[Work item] Take the entries below and print only the lines from the one with "y. x \<in> D" through the one with "R (L (R x + R", exactly as they stand, both ends included.

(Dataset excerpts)
◆ ◆ ◆
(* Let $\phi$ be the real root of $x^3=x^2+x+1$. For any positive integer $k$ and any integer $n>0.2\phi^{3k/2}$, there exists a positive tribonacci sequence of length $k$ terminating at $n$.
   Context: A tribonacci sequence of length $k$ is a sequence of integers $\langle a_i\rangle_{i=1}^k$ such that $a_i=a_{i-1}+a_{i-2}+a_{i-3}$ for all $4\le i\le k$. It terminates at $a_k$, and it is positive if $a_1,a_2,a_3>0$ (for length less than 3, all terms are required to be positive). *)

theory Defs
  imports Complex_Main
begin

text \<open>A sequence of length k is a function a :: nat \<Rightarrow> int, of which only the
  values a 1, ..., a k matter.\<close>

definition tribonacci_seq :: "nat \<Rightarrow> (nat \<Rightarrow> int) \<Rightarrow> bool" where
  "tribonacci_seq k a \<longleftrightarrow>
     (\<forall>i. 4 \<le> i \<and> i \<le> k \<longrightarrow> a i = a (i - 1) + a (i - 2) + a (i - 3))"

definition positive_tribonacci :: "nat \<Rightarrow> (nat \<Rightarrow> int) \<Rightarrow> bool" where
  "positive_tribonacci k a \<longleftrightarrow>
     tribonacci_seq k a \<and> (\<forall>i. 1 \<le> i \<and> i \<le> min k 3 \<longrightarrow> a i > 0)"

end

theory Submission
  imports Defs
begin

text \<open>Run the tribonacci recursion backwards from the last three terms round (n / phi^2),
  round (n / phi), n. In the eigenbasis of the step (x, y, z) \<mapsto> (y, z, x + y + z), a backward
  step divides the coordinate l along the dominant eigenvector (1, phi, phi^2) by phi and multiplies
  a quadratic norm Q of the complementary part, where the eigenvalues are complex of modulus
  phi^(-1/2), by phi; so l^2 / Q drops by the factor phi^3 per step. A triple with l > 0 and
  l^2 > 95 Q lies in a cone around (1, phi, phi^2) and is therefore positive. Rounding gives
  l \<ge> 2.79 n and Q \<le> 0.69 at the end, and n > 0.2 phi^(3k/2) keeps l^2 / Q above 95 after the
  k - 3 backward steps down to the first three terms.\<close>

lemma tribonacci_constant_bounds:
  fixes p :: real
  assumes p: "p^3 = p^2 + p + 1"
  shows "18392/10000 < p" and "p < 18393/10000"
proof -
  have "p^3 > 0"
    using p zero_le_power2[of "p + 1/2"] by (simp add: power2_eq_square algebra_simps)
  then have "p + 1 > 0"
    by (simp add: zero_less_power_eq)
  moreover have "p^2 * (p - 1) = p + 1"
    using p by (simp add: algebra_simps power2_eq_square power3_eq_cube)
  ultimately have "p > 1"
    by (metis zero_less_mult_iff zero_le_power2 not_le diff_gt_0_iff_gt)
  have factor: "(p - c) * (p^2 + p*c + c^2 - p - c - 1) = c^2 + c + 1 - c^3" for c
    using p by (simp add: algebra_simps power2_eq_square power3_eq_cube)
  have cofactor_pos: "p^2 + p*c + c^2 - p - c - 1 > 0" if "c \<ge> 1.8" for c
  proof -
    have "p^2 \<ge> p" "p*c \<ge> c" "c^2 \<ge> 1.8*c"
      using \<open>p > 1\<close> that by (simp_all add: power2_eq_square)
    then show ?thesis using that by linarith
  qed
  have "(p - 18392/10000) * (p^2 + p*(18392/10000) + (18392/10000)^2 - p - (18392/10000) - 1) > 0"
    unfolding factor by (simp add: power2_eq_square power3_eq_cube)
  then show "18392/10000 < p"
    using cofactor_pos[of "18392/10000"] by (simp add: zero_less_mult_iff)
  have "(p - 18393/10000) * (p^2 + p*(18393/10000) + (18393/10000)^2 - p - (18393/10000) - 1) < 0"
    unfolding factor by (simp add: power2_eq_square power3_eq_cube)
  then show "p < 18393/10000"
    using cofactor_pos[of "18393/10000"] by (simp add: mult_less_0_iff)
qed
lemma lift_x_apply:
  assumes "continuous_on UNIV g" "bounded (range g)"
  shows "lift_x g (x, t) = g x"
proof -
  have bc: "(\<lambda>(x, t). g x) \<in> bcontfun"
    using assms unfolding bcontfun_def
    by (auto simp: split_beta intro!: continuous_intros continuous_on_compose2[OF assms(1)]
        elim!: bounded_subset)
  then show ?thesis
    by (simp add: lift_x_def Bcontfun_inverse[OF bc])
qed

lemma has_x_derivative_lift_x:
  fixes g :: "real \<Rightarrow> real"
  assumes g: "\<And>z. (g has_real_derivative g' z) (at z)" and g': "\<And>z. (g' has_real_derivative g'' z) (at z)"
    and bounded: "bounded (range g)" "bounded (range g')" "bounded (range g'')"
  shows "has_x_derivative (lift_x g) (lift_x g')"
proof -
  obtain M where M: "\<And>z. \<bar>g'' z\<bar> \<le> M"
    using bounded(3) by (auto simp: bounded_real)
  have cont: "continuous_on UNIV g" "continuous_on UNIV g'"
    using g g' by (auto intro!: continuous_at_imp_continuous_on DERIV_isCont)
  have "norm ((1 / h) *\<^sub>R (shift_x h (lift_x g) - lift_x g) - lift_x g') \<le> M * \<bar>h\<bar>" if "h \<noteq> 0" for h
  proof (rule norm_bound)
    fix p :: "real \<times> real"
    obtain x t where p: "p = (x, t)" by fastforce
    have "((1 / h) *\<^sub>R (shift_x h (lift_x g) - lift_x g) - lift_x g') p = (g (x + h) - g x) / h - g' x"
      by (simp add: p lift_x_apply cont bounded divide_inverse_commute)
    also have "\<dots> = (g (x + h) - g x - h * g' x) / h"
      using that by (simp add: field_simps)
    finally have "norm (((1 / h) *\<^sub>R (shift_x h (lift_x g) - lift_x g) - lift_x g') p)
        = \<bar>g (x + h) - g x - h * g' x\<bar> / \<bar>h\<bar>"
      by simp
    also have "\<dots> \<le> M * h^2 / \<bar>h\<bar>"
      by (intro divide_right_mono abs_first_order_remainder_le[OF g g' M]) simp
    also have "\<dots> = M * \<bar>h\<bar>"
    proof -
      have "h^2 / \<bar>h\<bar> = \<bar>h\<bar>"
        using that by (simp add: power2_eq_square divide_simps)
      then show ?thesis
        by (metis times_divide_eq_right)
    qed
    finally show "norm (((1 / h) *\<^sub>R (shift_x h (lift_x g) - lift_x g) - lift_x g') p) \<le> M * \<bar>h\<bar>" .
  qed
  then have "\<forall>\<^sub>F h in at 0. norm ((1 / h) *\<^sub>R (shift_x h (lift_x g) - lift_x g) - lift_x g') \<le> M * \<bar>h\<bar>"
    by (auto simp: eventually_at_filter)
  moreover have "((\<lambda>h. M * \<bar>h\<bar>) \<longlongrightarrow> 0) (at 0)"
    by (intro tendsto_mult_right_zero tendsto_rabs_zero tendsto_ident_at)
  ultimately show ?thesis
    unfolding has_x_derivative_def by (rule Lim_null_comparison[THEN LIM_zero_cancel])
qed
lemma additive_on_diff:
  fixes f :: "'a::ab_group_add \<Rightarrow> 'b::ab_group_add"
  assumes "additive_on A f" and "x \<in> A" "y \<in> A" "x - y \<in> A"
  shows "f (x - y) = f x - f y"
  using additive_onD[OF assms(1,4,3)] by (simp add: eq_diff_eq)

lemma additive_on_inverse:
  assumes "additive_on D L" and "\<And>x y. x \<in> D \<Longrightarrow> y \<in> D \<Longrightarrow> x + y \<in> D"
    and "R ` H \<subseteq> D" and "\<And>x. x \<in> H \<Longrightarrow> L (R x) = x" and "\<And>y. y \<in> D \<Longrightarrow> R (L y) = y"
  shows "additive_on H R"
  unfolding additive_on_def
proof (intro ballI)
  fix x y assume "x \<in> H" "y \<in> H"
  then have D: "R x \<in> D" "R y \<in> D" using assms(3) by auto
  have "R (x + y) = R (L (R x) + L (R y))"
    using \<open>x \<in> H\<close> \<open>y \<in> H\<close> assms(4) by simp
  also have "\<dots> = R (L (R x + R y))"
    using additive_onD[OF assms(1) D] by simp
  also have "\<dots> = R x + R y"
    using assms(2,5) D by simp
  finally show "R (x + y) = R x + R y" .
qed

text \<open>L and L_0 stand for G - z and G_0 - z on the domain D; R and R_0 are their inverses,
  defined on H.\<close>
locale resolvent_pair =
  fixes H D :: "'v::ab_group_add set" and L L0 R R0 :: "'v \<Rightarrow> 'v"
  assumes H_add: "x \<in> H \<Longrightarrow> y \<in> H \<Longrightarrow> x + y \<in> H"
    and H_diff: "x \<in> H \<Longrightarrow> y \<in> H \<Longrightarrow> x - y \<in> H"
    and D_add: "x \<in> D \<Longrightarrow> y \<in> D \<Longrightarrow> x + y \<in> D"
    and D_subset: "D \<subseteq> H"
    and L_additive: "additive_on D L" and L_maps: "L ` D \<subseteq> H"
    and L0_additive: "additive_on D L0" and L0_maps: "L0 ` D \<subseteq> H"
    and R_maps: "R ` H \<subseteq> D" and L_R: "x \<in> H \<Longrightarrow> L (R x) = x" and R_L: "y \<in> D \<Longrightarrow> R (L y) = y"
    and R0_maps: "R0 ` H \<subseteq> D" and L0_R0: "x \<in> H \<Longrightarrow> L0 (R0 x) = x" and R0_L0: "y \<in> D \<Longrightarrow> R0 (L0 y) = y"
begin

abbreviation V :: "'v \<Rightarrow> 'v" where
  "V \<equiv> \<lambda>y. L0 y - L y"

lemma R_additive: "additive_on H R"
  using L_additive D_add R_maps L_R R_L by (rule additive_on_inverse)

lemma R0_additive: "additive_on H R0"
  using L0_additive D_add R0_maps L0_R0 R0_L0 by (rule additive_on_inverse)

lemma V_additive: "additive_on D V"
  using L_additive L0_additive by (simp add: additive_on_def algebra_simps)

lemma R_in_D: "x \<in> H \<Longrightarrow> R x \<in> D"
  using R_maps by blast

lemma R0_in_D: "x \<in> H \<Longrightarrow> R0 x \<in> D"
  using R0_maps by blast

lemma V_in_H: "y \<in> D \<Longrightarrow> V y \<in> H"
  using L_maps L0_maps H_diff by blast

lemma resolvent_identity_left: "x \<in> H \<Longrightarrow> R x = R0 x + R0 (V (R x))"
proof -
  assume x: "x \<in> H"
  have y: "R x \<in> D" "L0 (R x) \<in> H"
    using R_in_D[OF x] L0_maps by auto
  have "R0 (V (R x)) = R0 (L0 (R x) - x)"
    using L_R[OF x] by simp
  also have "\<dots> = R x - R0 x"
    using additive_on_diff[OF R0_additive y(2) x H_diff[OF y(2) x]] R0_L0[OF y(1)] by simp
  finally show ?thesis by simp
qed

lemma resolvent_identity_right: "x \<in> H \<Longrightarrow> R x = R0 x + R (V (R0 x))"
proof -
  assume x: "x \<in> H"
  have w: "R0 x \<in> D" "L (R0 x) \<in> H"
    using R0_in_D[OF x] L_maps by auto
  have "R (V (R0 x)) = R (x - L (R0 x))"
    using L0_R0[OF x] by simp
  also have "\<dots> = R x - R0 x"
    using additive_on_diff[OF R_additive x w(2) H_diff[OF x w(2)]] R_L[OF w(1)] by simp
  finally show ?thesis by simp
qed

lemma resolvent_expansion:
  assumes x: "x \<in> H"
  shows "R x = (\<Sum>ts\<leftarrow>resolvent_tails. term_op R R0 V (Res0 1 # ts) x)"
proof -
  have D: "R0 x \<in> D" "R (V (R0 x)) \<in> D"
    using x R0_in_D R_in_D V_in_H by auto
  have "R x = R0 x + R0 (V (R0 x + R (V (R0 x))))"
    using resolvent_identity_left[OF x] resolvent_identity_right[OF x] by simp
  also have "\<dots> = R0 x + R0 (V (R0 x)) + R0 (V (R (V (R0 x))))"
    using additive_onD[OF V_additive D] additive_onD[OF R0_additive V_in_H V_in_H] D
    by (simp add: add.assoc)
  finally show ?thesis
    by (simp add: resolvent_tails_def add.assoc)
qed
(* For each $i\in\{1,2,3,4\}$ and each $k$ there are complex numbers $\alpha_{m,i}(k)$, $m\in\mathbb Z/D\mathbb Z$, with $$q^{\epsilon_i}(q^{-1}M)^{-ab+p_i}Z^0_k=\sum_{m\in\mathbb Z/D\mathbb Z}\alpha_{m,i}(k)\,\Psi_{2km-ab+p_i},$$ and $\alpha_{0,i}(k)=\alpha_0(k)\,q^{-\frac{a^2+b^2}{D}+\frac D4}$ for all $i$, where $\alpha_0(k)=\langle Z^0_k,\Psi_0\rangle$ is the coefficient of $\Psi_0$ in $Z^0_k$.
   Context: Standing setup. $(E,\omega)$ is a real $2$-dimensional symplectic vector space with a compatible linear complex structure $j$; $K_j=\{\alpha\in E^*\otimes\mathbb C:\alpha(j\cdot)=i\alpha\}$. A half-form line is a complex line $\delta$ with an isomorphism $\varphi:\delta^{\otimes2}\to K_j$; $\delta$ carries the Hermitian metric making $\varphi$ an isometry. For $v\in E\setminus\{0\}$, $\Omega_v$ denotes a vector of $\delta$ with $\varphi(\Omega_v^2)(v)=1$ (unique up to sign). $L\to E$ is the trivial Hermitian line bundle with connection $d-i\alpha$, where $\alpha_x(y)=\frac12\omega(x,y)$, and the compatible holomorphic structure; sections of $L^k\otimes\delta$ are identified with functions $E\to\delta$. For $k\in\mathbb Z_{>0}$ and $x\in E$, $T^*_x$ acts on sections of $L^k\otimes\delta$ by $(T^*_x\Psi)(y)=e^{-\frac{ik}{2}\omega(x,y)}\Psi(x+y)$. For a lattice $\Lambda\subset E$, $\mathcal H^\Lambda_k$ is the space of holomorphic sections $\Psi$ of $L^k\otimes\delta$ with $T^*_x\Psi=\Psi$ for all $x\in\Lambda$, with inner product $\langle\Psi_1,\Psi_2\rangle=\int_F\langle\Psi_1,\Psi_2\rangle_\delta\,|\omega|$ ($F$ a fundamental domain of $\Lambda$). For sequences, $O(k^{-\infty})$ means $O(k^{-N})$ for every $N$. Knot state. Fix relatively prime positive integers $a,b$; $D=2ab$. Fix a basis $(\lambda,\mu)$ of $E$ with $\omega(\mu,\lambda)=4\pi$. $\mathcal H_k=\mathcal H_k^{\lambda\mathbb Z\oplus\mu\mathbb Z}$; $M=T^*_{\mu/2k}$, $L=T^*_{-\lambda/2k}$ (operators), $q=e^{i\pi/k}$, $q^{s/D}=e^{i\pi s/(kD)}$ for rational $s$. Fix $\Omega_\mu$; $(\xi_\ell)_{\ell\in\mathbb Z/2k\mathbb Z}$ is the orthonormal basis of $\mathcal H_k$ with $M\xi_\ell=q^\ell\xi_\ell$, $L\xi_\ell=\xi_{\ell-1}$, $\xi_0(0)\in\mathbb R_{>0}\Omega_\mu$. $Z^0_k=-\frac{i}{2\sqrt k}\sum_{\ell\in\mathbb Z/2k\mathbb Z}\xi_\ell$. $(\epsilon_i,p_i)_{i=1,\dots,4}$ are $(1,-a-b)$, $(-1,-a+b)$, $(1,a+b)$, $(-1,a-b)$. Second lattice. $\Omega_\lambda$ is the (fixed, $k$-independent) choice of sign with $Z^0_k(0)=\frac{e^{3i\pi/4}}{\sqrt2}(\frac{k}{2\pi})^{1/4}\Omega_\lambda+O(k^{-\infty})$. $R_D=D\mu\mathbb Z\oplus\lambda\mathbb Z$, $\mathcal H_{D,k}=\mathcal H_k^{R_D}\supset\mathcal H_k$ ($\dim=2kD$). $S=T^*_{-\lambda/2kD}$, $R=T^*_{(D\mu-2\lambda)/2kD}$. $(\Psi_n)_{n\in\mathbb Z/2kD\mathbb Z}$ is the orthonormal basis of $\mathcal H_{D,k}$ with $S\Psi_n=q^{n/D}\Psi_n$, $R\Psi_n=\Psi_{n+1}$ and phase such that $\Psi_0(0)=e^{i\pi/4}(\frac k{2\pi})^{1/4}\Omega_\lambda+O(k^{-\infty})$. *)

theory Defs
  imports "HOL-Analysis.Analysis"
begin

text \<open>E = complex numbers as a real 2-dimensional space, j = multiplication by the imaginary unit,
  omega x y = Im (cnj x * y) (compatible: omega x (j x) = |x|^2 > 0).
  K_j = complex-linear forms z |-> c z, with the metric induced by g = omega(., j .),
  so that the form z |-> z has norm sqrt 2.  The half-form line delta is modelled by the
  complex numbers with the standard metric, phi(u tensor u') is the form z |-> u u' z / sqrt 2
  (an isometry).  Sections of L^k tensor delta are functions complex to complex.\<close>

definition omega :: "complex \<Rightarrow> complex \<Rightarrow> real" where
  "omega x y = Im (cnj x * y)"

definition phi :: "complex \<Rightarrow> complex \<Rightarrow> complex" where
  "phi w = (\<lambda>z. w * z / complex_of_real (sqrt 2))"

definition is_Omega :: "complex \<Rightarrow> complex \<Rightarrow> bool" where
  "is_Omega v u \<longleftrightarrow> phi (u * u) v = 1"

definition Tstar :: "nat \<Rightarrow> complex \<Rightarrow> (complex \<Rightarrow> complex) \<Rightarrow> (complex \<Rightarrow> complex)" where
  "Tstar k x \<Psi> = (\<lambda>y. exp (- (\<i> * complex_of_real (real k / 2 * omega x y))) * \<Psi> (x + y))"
◆ ◆ ◆
[Expected answer]
  assumes "additive_on D L" and "\<And>x y. x \<in> D \<Longrightarrow> y \<in> D \<Longrightarrow> x + y \<in> D"
    and "R ` H \<subseteq> D" and "\<And>x. x \<in> H \<Longrightarrow> L (R x) = x" and "\<And>y. y \<in> D \<Longrightarrow> R (L y) = y"
  shows "additive_on H R"
  unfolding additive_on_def
proof (intro ballI)
  fix x y assume "x \<in> H" "y \<in> H"
  then have D: "R x \<in> D" "R y \<in> D" using assms(3) by auto
  have "R (x + y) = R (L (R x) + L (R y))"
    using \<open>x \<in> H\<close> \<open>y \<in> H\<close> assms(4) by simp
  also have "\<dots> = R (L (R x + R y))"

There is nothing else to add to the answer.